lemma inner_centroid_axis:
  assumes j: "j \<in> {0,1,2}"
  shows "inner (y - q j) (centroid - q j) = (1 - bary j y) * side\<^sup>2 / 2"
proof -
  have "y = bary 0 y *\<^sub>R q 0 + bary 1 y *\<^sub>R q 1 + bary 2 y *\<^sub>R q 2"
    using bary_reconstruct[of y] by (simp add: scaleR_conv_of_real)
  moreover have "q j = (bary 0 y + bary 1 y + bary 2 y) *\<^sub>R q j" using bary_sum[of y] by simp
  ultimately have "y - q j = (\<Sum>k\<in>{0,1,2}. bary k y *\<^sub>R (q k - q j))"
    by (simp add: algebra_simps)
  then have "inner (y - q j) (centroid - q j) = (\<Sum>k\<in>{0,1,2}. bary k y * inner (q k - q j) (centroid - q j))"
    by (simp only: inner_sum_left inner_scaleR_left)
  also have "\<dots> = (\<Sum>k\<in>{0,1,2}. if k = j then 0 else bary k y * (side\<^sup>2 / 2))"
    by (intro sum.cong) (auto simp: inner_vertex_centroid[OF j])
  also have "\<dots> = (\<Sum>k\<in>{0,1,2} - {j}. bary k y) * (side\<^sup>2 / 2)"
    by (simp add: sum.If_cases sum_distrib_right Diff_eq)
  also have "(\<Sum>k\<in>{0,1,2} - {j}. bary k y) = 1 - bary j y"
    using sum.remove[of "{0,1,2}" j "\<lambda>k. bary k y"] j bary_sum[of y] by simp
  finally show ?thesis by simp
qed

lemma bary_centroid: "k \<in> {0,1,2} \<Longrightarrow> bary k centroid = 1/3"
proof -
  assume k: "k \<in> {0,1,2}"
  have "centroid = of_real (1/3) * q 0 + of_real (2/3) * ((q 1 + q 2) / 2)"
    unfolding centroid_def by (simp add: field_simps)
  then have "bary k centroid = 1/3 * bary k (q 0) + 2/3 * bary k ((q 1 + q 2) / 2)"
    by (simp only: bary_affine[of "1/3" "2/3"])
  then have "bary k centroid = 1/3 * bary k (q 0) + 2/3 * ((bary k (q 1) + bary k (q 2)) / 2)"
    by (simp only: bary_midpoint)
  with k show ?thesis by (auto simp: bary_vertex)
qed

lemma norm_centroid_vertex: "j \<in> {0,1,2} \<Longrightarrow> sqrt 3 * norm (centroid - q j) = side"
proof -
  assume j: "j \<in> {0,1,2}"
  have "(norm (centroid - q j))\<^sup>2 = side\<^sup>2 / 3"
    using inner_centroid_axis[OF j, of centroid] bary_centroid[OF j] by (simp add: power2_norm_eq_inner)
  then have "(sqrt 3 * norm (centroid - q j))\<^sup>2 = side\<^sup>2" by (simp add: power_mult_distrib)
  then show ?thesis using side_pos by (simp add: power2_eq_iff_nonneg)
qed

○ ○ ○ ○

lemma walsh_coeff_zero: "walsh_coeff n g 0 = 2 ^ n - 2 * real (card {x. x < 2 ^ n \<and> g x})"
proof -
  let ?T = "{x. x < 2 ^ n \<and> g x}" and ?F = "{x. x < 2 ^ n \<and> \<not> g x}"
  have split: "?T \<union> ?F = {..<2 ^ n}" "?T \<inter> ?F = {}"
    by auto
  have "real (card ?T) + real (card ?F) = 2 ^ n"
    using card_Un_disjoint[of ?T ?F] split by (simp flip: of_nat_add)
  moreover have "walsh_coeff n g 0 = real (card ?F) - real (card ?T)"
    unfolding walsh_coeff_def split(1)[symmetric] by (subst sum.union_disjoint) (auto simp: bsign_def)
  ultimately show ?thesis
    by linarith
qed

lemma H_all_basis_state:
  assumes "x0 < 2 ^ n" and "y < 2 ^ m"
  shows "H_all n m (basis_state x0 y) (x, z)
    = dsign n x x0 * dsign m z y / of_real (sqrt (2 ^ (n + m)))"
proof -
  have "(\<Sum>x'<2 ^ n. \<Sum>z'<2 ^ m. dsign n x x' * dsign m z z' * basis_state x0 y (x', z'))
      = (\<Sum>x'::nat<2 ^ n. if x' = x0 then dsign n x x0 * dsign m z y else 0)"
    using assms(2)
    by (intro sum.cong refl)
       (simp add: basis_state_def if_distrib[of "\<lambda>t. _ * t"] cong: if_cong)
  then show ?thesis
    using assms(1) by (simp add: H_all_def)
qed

○ ○ ○ ○

Your answer must be the count of lines in the data that contain "assumes", with no added words.

2